Which lines of the entries contain the word "that"? Please list them.

> [Dataset extract]:
* * * *

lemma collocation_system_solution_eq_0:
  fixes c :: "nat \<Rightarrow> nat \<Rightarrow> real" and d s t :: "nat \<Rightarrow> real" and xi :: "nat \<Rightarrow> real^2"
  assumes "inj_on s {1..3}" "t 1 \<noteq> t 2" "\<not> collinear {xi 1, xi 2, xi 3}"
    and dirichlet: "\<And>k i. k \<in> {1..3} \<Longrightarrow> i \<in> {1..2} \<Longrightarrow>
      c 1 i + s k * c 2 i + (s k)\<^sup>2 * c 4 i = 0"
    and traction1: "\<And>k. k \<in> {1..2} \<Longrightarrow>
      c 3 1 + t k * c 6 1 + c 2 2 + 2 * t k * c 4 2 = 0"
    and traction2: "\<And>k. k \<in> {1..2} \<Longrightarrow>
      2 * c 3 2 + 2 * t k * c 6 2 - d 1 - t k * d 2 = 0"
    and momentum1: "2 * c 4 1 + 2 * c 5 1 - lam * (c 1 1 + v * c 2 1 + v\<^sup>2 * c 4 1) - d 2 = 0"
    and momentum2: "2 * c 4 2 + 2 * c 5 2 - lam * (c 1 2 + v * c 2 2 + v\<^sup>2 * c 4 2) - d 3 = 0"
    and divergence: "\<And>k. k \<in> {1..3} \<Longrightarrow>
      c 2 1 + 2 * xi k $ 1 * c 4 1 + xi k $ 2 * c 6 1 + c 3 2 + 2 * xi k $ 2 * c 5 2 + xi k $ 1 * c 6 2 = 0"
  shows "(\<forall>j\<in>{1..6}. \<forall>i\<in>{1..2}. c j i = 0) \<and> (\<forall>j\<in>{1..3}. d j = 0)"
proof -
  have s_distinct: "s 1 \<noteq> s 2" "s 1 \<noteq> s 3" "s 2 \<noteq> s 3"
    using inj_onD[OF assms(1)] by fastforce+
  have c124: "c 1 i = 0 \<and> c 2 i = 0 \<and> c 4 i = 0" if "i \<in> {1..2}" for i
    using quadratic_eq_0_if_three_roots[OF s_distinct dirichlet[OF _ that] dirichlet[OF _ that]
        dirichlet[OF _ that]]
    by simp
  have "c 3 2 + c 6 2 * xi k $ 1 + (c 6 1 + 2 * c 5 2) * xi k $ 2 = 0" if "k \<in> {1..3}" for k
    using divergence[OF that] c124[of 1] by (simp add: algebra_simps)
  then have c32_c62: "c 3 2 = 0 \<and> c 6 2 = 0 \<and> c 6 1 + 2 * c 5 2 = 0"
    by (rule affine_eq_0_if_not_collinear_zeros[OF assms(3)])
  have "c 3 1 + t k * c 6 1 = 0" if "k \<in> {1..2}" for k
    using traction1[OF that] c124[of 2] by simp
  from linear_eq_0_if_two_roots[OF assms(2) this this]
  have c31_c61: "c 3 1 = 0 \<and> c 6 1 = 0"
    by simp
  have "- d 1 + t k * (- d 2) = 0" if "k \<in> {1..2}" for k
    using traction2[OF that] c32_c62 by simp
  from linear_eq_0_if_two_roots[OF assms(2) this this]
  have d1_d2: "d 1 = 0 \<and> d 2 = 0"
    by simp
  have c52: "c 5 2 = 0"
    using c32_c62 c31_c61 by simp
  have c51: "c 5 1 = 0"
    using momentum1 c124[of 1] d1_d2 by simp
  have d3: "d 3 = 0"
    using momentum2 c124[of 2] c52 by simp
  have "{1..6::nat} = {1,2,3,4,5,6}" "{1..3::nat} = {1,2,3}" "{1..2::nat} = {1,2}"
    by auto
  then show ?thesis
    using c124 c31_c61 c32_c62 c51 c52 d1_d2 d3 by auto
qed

* * * *

> [Result of this exercise]:
    using quadratic_eq_0_if_three_roots[OF s_distinct dirichlet[OF _ that] dirichlet[OF _ that]
        dirichlet[OF _ that]]
    using divergence[OF that] c124[of 1] by (simp add: algebra_simps)
    using traction1[OF that] c124[of 2] by simp
    using traction2[OF that] c32_c62 by simp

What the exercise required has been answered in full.